HD-sEMG decomposition with CBSS algorithm

In this study, the experimental HD-sEMG dataset involved 16 participants with a total of 738 MUs (15.38 ± 8.32) extracted using the CBSS algorithm, achieving an average PNR of 38.74 ± 2.52 dB. At 10% MVC, the average number of MUs was 18.25 ± 7.86 (range: 2 to 30) with a PNR of 38.53 ± 3.04 dB. At 30% MVC, the average number of MUs was 17.06 ± 8.16 (range: 4 to 31) with a PNR of 38.78 ± 2.16 dB. At 50% MVC, the average number of MUs was 10.81 ± 7.37 (range: 2 to 22) with a PNR of 38.90 ± 2.42 dB. The average number of MUs, PNR, and discharge frequency for each contraction intensity is summarized in Table 1.
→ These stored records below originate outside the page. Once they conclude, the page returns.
lemma digits10_aux_nonzero: "n \<noteq> 0 \<Longrightarrow> digits10_aux n = n mod 10 # digits10_aux (n div 10)"
  by (simp add: digits10_aux.simps)

lemma digits10_nonzero: "n \<noteq> 0 \<Longrightarrow> digits10 n = digits10_aux n"
  by (simp add: digits10_def)

definition digit :: "nat \<Rightarrow> nat \<Rightarrow> nat" where
  "digit n j = n div 10 ^ j mod 10"

lemma digit_less: "digit n j < 10"
  by (simp add: digit_def)

lemma digit_0_right: "digit n 0 = n mod 10"
  by (simp add: digit_def)

lemma digit_Suc: "digit n (Suc j) = digit (n div 10) j"
  by (simp add: digit_def div_mult2_eq)

lemma digit_add_mult_power: "digit (a + 10 ^ Suc j * r) j = digit a j"
proof -
  have "(a + 10 ^ Suc j * r) div 10 ^ j = 10 * r + a div 10 ^ j"
    using div_mult_self1[of "10 ^ j" a "10 * r"] by (simp add: ac_simps)
  then show ?thesis
    by (simp add: digit_def ac_simps)
qed

lemma digits10_aux_eq_map: "digits10_aux n = map (digit n) [0..<length (digits10_aux n)]"
proof (induction n rule: digits10_aux.induct)
  case (1 n)
  show ?case
  proof (cases "n = 0")
    case False
    then show ?thesis
      using "1" by (simp add: digits10_aux_nonzero digit_0_right digit_Suc map_upt_Suc del: upt_Suc)
  qed simp
qed

lemma digits10_aux_bounds:
  "n \<noteq> 0 \<Longrightarrow> 10 ^ (length (digits10_aux n) - 1) \<le> n \<and> n < 10 ^ length (digits10_aux n)"
proof (induction n rule: digits10_aux.induct)
  case (1 n)
  then show ?case
    by (cases "n div 10 = 0") (auto simp: digits10_aux_nonzero digits10_aux_nonzero[of "n div 10"])
qed

lemma num_digits_nonzero: "n \<noteq> 0 \<Longrightarrow> num_digits n = length (digits10_aux n)"
  by (simp add: num_digits_def digits10_def)

lemma num_digits_pos: "0 < num_digits n"
  by (cases "n = 0") (simp_all add: num_digits_def digits10_def digits10_aux_nonzero)

lemma less_power_num_digits: "n < 10 ^ num_digits n"
  using digits10_aux_bounds[of n] by (cases "n = 0") (simp_all add: num_digits_nonzero)

lemma power_num_digits_le: "0 < n \<Longrightarrow> 10 ^ (num_digits n - 1) \<le> n"
  using digits10_aux_bounds[of n] by (simp add: num_digits_nonzero)

lemma num_digits_eqI:
  assumes "10 ^ (L - 1) \<le> n" "n < 10 ^ L" "0 < L"
  shows "num_digits n = L"
proof -
  have "0 < n"
    using assms(1) by (metis le_zero_eq power_not_zero zero_neq_numeral not_gr0)
  then have "10 ^ (num_digits n - 1) < (10::nat) ^ L" "10 ^ (L - 1) < (10::nat) ^ num_digits n"
    using power_num_digits_le[of n] less_power_num_digits[of n] assms by linarith+
  then show ?thesis
    using num_digits_pos[of n] assms(3) by (simp add: power_strict_increasing_iff)
qed

lemma digits10_eq_map: "digits10 n = map (digit n) [0..<num_digits n]"
proof (cases "n = 0")
  case False
  show ?thesis
    unfolding digits10_nonzero[OF False] num_digits_nonzero[OF False]
    by (rule digits10_aux_eq_map)
qed (simp add: digits10_def num_digits_def digit_def)

lemma digit_beyond_num_digits: "num_digits n \<le> j \<Longrightarrow> digit n j = 0"
  using less_le_trans[OF less_power_num_digits, of n "10 ^ j"] by (simp add: digit_def)

lemma is_palindrome_iff_digit:
  "is_palindrome n \<longleftrightarrow> (\<forall>j<num_digits n. digit n j = digit n (num_digits n - 1 - j))"
proof -
  have "rev (digits10 n) ! j = digits10 n ! j \<longleftrightarrow> digit n j = digit n (num_digits n - 1 - j)"
    if "j < num_digits n" for j
    using that by (auto simp: digits10_eq_map rev_nth)
  then show ?thesis
    unfolding is_palindrome_def list_eq_iff_nth_eq by (simp add: num_digits_def)
qed

lemma leading_digit:
  assumes "0 < n"
  shows "digit n (num_digits n - 1) = n div 10 ^ (num_digits n - 1)"
    and "0 < digit n (num_digits n - 1)"
proof -
  have "n < 10 * 10 ^ (num_digits n - 1)"
    using less_power_num_digits[of n] num_digits_pos[of n] by (simp flip: power_Suc)
  then have "n div 10 ^ (num_digits n - 1) < 10"
    by (simp add: div_less_iff_less_mult mult.commute)
  then show "digit n (num_digits n - 1) = n div 10 ^ (num_digits n - 1)"
    by (simp add: digit_def)
  then show "0 < digit n (num_digits n - 1)"
    using power_num_digits_le[OF assms] by (simp add: div_greater_zero_iff)
qed

lemma horner_sum_digits10: "horner_sum id 10 (digits10 n) = n"
proof -
  have "horner_sum id 10 (digits10_aux n) = n"
    by (induction n rule: digits10_aux.induct) (case_tac "n = 0", simp_all add: digits10_aux_nonzero)
  then show ?thesis
    by (simp add: digits10_def)
qed

lemma inj_digits10: "inj digits10"
  by (rule inj_on_inverseI[of _ "horner_sum id 10"]) (rule horner_sum_digits10)

lemma horner_sum_nonzero:
  "ds \<noteq> [] \<Longrightarrow> last ds \<noteq> 0 \<Longrightarrow> horner_sum id (10::nat) ds \<noteq> 0"
  by (induction ds) (auto split: if_splits)

lemma digits10_aux_horner_sum:
  "set ds \<subseteq> {..<10} \<Longrightarrow> (ds = [] \<or> last ds \<noteq> 0) \<Longrightarrow> digits10_aux (horner_sum id 10 ds) = ds"
proof (induction ds)
  case (Cons d ds)
  have "horner_sum id (10::nat) (d # ds) \<noteq> 0"
    using Cons.prems(2) horner_sum_nonzero[of "d # ds"] by simp
  then show ?case
    using Cons by (auto simp: digits10_aux_nonzero id_def split: if_splits)
qed simp

lemma last_digits10_aux: "n \<noteq> 0 \<Longrightarrow> last (digits10_aux n) \<noteq> 0"
proof (induction n rule: digits10_aux.induct)
  case (1 n)
  show ?case
  proof (cases "n div 10 = 0")
    case True
    then show ?thesis
      using "1.prems" by (simp add: digits10_aux_nonzero)
  next
    case False
    then show ?thesis
      using "1" by (simp add: digits10_aux_nonzero[of n] digits10_aux_nonzero[of "n div 10"])
  qed
qed

lemma set_digits10_aux: "set (digits10_aux n) \<subseteq> {..<10}"
proof (induction n rule: digits10_aux.induct)
  case (1 n)
  then show ?case
    by (cases "n = 0") (auto simp: digits10_aux_nonzero)
qed

lemma digits10_image:
  assumes "0 < m"
  shows "digits10 ` {n. 0 < n \<and> num_digits n = m} = {ds. length ds = m \<and> set ds \<subseteq> {..<10} \<and> last ds \<noteq> 0}"
proof (intro equalityI subsetI)
  fix ds assume "ds \<in> digits10 ` {n. 0 < n \<and> num_digits n = m}"
  then show "ds \<in> {ds. length ds = m \<and> set ds \<subseteq> {..<10} \<and> last ds \<noteq> 0}"
    using set_digits10_aux last_digits10_aux by (auto simp: digits10_nonzero num_digits_nonzero)
next
  fix ds :: "nat list"
  assume ds: "ds \<in> {ds. length ds = m \<and> set ds \<subseteq> {..<10} \<and> last ds \<noteq> 0}"
  then have "ds \<noteq> []"
    using assms by auto
  then have "digits10 (horner_sum id 10 ds) = ds" "horner_sum id 10 ds \<noteq> 0"
    using ds digits10_aux_horner_sum[of ds] horner_sum_nonzero[of ds] by (auto simp: digits10_nonzero)
  then show "ds \<in> digits10 ` {n. 0 < n \<and> num_digits n = m}"
    using ds by (metis (mono_tags, lifting) image_eqI mem_Collect_eq num_digits_def gr0I)
qed

section \<open>Carries in sums of multiples of powers of ten\<close>

definition carry :: "(nat \<Rightarrow> nat) \<Rightarrow> nat \<Rightarrow> nat" where
  "carry c j = (\<Sum>i<j. c i * 10 ^ i) div 10 ^ j"

lemma carry_0 [simp]: "carry c 0 = 0"
  by (simp add: carry_def)

lemma sum_power10_split:
  fixes c :: "nat \<Rightarrow> nat"
  assumes "Suc j \<le> n"
  shows "\<exists>r. (\<Sum>i<n. c i * 10 ^ i) = (\<Sum>i<Suc j. c i * 10 ^ i) + 10 ^ Suc j * r"
  using assms
proof (induction n rule: dec_induct)
  case (step m)
  then obtain r where "(\<Sum>i<m. c i * 10 ^ i) = (\<Sum>i<Suc j. c i * 10 ^ i) + 10 ^ Suc j * r"
    by blast
  moreover have "(10::nat) ^ m = 10 ^ Suc j * 10 ^ (m - Suc j)"
    using step.hyps(1) by (metis le_add_diff_inverse power_add)
  ultimately have "(\<Sum>i<Suc m. c i * 10 ^ i)
      = (\<Sum>i<Suc j. c i * 10 ^ i) + 10 ^ Suc j * (r + c m * 10 ^ (m - Suc j))"
    by (simp add: algebra_simps)
  then show ?case
    by blast
qed simp_all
Effects of window size, step size, and contraction intensity on ML-DRSNet

Decomposition accuracy

This study shows the significant effect of window size and step size on the decomposition accuracy of ML-DRSNet, including sensitivity, precision, F1-score, and the number of correctly identified MUs (Fig. 4; Table 2). When the step size is 30, 40, or 50, the decomposition accuracy decreases with increasing window size. In contrast, for step sizes of 10 and 20, the decomposition accuracy increases initially and then decreases as the window size grows. When the window size is 20 data points, increasing the step size from 10 to 50 data points improves decomposition accuracy (Fig. 4; Table 2). Conversely, with window sizes of 60, 100, and 140 data points, increasing the step size results in a continuous decline in accuracy (Fig. 4; Table 2). ML-DRSNet performs.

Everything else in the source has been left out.